BRIEF:
From the first line to the last, write out the data below exactly.

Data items
══════════

lemma pal_factor_thue_morse_4_mult:
  assumes "pal_factor thue_morse s N"
  shows "pal_factor thue_morse (4 * s) (4 * N)"
  unfolding pal_factor_def
proof (intro allI impI)
  fix i j
  assume ij: "4 * s \<le> i" "i < 4 * N" "i + j = 4 * s + 4 * N - 1"
  define q r where "q = i div 4" and "r = i mod 4"
  have i: "i = 4 * q + r" and r: "r < 4"
    unfolding q_def r_def by auto
  have "s \<le> q" "q < N"
    using ij i r by linarith+
  then have "thue_morse q = thue_morse (s + N - 1 - q)"
    by (intro pal_factorD[OF assms]) simp_all
  moreover have "j = 4 * (s + N - 1 - q) + (3 - r)"
    using ij i r \<open>q < N\<close> by simp
  ultimately show "thue_morse i = thue_morse j"
    using i r thue_morse_4_mult_plus[OF r, of q] thue_morse_4_mult_plus[of "3 - r" "s + N - 1 - q"]
    by auto
qed

lemma PPL_t_4_mult_le: "PPL_t (4 * n) \<le> PPL_t n"
proof (induction n rule: less_induct)
  case (less n)
  show ?case
  proof (cases "n = 0")
    case False
    then obtain s where s: "s < n" "pal_factor thue_morse s n" "PPL_t s + 1 \<le> PPL_t n"
      using PPL_t_last_pal_factor by blast
    have "PPL_t (4 * n) \<le> PPL_t (4 * s) + 1"
      using s(1) pal_factor_thue_morse_4_mult[OF s(2)] by (intro PPL_t_pal_factor) simp_all
    also have "\<dots> \<le> PPL_t s + 1"
      using less s(1) by simp
    finally show ?thesis
      using s(3) by simp
  qed simp
qed

lemma pal_factor_thue_morse_even_length:
  assumes pal: "pal_factor thue_morse s N" and "s < N" "even (N - s)"
  shows "4 dvd s + N"
proof -
  have "s + N = (N - s) + 2 * s"
    using assms(2) by simp
  then obtain c where c: "s + N = 2 * c"
    using assms(3) by (metis dvd_add_left_iff dvd_triv_left dvdE)
  have "thue_morse (c - 1) = thue_morse c"
    using c assms(2) by (intro pal_factorD[OF pal]) linarith+
  have "even c"
  proof (rule ccontr)
    assume "odd c"
    then obtain q where "c = 2 * q + 1"
      by (metis oddE)
    then show False
      using \<open>thue_morse (c - 1) = thue_morse c\<close> thue_morse_odd[of q] thue_morse_even[of q] by simp
  qed
  then show ?thesis
    using c by auto
qed

lemma pal_factor_thue_morse_odd_length:
  assumes pal: "pal_factor thue_morse s N" and "odd (N - s)"
  shows "N - s \<le> 3"
proof (rule ccontr)
  assume "\<not> N - s \<le> 3"
  with assms(2) have "N - s \<ge> 5"
    by presburger
  moreover have "s + N = (N - s) + 2 * s"
    using \<open>N - s \<ge> 5\<close> by simp
  ultimately have "odd (s + N)"
    using assms(2) by simp
  then obtain p where "s + N = 2 * p + 1"
    by (metis oddE)
  with \<open>N - s \<ge> 5\<close> have p: "s + N = 2 * p + 1" "s + 2 \<le> p" "p + 2 < N"
    by linarith+
  have e2: "thue_morse (p - 2) = thue_morse (p + 2)" and e1: "thue_morse (p - 1) = thue_morse (p + 1)"
    using p by (intro pal_factorD[OF pal]; linarith)+
  have "(\<exists>q. p = 2 * q + 2) \<or> (\<exists>q. p = 2 * q + 3)"
    using p(2) by presburger
  then consider q where "p = 2 * q + 2" | q where "p = 2 * q + 3"
    by blast
  then show False
  proof cases
    case 1
    then have pq: "p - 2 = 2 * q" "p - 1 = 2 * q + 1" "p + 1 = 2 * (q + 1) + 1" "p + 2 = 2 * (q + 2)"
      by simp_all
    have "thue_morse (p - 2) = thue_morse q" "thue_morse (p - 1) = flip (thue_morse q)"
      "thue_morse (p + 1) = flip (thue_morse (q + 1))" "thue_morse (p + 2) = thue_morse (q + 2)"
      unfolding pq by (rule thue_morse_even thue_morse_odd)+
    then show False
      using e1 e2 thue_morse_no_letter_cube[of q] by simp
  next
    case 2
    then have pq: "p - 2 = 2 * q + 1" "p - 1 = 2 * (q + 1)" "p + 1 = 2 * (q + 2)"
      "p + 2 = 2 * (q + 2) + 1"
      by simp_all
    have "thue_morse (p - 2) = flip (thue_morse q)" "thue_morse (p - 1) = thue_morse (q + 1)"
      "thue_morse (p + 1) = thue_morse (q + 2)" "thue_morse (p + 2) = flip (thue_morse (q + 2))"
      unfolding pq by (rule thue_morse_even thue_morse_odd)+
    then show False
      using e1 e2 thue_morse_no_letter_cube[of q] by simp
  qed
qed

lemma pal_factor_thue_morse_length_3:
  assumes pal: "pal_factor thue_morse s (s + 3)"
  shows "\<not> 4 dvd s"
proof
  assume "4 dvd s"
  then obtain j where "s = 4 * j"
    by blast
  moreover have "thue_morse s = thue_morse (s + 2)"
    by (rule pal_factorD[OF pal]) simp_all
  ultimately show False
    using thue_morse_4_mult(1,3)[of j] by simp
qed

text \<open>Desubstitution: the palindrome t[s..N) with s + N = 4c is, up to trimming its ends, the
  image under the morphism of t[x..c - x).\<close>

lemma pal_factor_thue_morse_desubst:
  assumes pal: "pal_factor thue_morse s N" and c: "s + N = 4 * c"
    and x: "s \<le> 4 * x + 3" "2 * x < c"
  shows "pal_factor thue_morse x (c - x)"
proof -
  have lift: "thue_morse i = thue_morse j" if "x \<le> i" "x < j" "i + j = c - 1" for i j
  proof -
    have "thue_morse (4 * i + 3) = thue_morse (4 * j)"
      using that c x by (intro pal_factorD[OF pal]) linarith+
    then show ?thesis
      using thue_morse_4_mult(1,4) by simp
  qed
  show ?thesis
    unfolding pal_factor_def
  proof (intro allI impI)
    fix i j
    assume "x \<le> i" "i < c - x" "i + j = x + (c - x) - 1"
    then consider "x \<le> i" "x < j" "i + j = c - 1" | "x \<le> j" "x < i" "i + j = c - 1" | "i = j"
      using x by linarith
    then show "thue_morse i = thue_morse j"
    proof cases
      case 1
      then show ?thesis
        by (rule lift)
    next
      case 2
      then show ?thesis
        using lift[of j i] by (simp add: add.commute)
    qed simp
  qed
qed

text \<open>The length of the decomposition of the prefix of length N obtained from an optimal one of
  the prefix of length m by applying the morphism and then adding or removing single letters.\<close>

definition lifted_PPL :: "nat \<Rightarrow> nat \<Rightarrow> int" where
  "lifted_PPL m N = int (PPL_t m) + \<bar>int N - 4 * int m\<bar>"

══════════

RESULT FOR THIS TASK:
lemma pal_factor_thue_morse_4_mult:
  assumes "pal_factor thue_morse s N"
  shows "pal_factor thue_morse (4 * s) (4 * N)"
  unfolding pal_factor_def
proof (intro allI impI)
  fix i j
  assume ij: "4 * s \<le> i" "i < 4 * N" "i + j = 4 * s + 4 * N - 1"
  define q r where "q = i div 4" and "r = i mod 4"
  have i: "i = 4 * q + r" and r: "r < 4"
    unfolding q_def r_def by auto
  have "s \<le> q" "q < N"
    using ij i r by linarith+
  then have "thue_morse q = thue_morse (s + N - 1 - q)"
    by (intro pal_factorD[OF assms]) simp_all
  moreover have "j = 4 * (s + N - 1 - q) + (3 - r)"
    using ij i r \<open>q < N\<close> by simp
  ultimately show "thue_morse i = thue_morse j"
    using i r thue_morse_4_mult_plus[OF r, of q] thue_morse_4_mult_plus[of "3 - r" "s + N - 1 - q"]
    by auto
qed

lemma PPL_t_4_mult_le: "PPL_t (4 * n) \<le> PPL_t n"
proof (induction n rule: less_induct)
  case (less n)
  show ?case
  proof (cases "n = 0")
    case False
    then obtain s where s: "s < n" "pal_factor thue_morse s n" "PPL_t s + 1 \<le> PPL_t n"
      using PPL_t_last_pal_factor by blast
    have "PPL_t (4 * n) \<le> PPL_t (4 * s) + 1"
      using s(1) pal_factor_thue_morse_4_mult[OF s(2)] by (intro PPL_t_pal_factor) simp_all
    also have "\<dots> \<le> PPL_t s + 1"
      using less s(1) by simp
    finally show ?thesis
      using s(3) by simp
  qed simp
qed

lemma pal_factor_thue_morse_even_length:
  assumes pal: "pal_factor thue_morse s N" and "s < N" "even (N - s)"
  shows "4 dvd s + N"
proof -
  have "s + N = (N - s) + 2 * s"
    using assms(2) by simp
  then obtain c where c: "s + N = 2 * c"
    using assms(3) by (metis dvd_add_left_iff dvd_triv_left dvdE)
  have "thue_morse (c - 1) = thue_morse c"
    using c assms(2) by (intro pal_factorD[OF pal]) linarith+
  have "even c"
  proof (rule ccontr)
    assume "odd c"
    then obtain q where "c = 2 * q + 1"
      by (metis oddE)
    then show False
      using \<open>thue_morse (c - 1) = thue_morse c\<close> thue_morse_odd[of q] thue_morse_even[of q] by simp
  qed
  then show ?thesis
    using c by auto
qed

lemma pal_factor_thue_morse_odd_length:
  assumes pal: "pal_factor thue_morse s N" and "odd (N - s)"
  shows "N - s \<le> 3"
proof (rule ccontr)
  assume "\<not> N - s \<le> 3"
  with assms(2) have "N - s \<ge> 5"
    by presburger
  moreover have "s + N = (N - s) + 2 * s"
    using \<open>N - s \<ge> 5\<close> by simp
  ultimately have "odd (s + N)"
    using assms(2) by simp
  then obtain p where "s + N = 2 * p + 1"
    by (metis oddE)
  with \<open>N - s \<ge> 5\<close> have p: "s + N = 2 * p + 1" "s + 2 \<le> p" "p + 2 < N"
    by linarith+
  have e2: "thue_morse (p - 2) = thue_morse (p + 2)" and e1: "thue_morse (p - 1) = thue_morse (p + 1)"
    using p by (intro pal_factorD[OF pal]; linarith)+
  have "(\<exists>q. p = 2 * q + 2) \<or> (\<exists>q. p = 2 * q + 3)"
    using p(2) by presburger
  then consider q where "p = 2 * q + 2" | q where "p = 2 * q + 3"
    by blast
  then show False
  proof cases
    case 1
    then have pq: "p - 2 = 2 * q" "p - 1 = 2 * q + 1" "p + 1 = 2 * (q + 1) + 1" "p + 2 = 2 * (q + 2)"
      by simp_all
    have "thue_morse (p - 2) = thue_morse q" "thue_morse (p - 1) = flip (thue_morse q)"
      "thue_morse (p + 1) = flip (thue_morse (q + 1))" "thue_morse (p + 2) = thue_morse (q + 2)"
      unfolding pq by (rule thue_morse_even thue_morse_odd)+
    then show False
      using e1 e2 thue_morse_no_letter_cube[of q] by simp
  next
    case 2
    then have pq: "p - 2 = 2 * q + 1" "p - 1 = 2 * (q + 1)" "p + 1 = 2 * (q + 2)"
      "p + 2 = 2 * (q + 2) + 1"
      by simp_all
    have "thue_morse (p - 2) = flip (thue_morse q)" "thue_morse (p - 1) = thue_morse (q + 1)"
      "thue_morse (p + 1) = thue_morse (q + 2)" "thue_morse (p + 2) = flip (thue_morse (q + 2))"
      unfolding pq by (rule thue_morse_even thue_morse_odd)+
    then show False
      using e1 e2 thue_morse_no_letter_cube[of q] by simp
  qed
qed

lemma pal_factor_thue_morse_length_3:
  assumes pal: "pal_factor thue_morse s (s + 3)"
  shows "\<not> 4 dvd s"
proof
  assume "4 dvd s"
  then obtain j where "s = 4 * j"
    by blast
  moreover have "thue_morse s = thue_morse (s + 2)"
    by (rule pal_factorD[OF pal]) simp_all
  ultimately show False
    using thue_morse_4_mult(1,3)[of j] by simp
qed

text \<open>Desubstitution: the palindrome t[s..N) with s + N = 4c is, up to trimming its ends, the
  image under the morphism of t[x..c - x).\<close>

lemma pal_factor_thue_morse_desubst:
  assumes pal: "pal_factor thue_morse s N" and c: "s + N = 4 * c"
    and x: "s \<le> 4 * x + 3" "2 * x < c"
  shows "pal_factor thue_morse x (c - x)"
proof -
  have lift: "thue_morse i = thue_morse j" if "x \<le> i" "x < j" "i + j = c - 1" for i j
  proof -
    have "thue_morse (4 * i + 3) = thue_morse (4 * j)"
      using that c x by (intro pal_factorD[OF pal]) linarith+
    then show ?thesis
      using thue_morse_4_mult(1,4) by simp
  qed
  show ?thesis
    unfolding pal_factor_def
  proof (intro allI impI)
    fix i j
    assume "x \<le> i" "i < c - x" "i + j = x + (c - x) - 1"
    then consider "x \<le> i" "x < j" "i + j = c - 1" | "x \<le> j" "x < i" "i + j = c - 1" | "i = j"
      using x by linarith
    then show "thue_morse i = thue_morse j"
    proof cases
      case 1
      then show ?thesis
        by (rule lift)
    next
      case 2
      then show ?thesis
        using lift[of j i] by (simp add: add.commute)
    qed simp
  qed
qed

text \<open>The length of the decomposition of the prefix of length N obtained from an optimal one of
  the prefix of length m by applying the morphism and then adding or removing single letters.\<close>

definition lifted_PPL :: "nat \<Rightarrow> nat \<Rightarrow> int" where
  "lifted_PPL m N = int (PPL_t m) + \<bar>int N - 4 * int m\<bar>"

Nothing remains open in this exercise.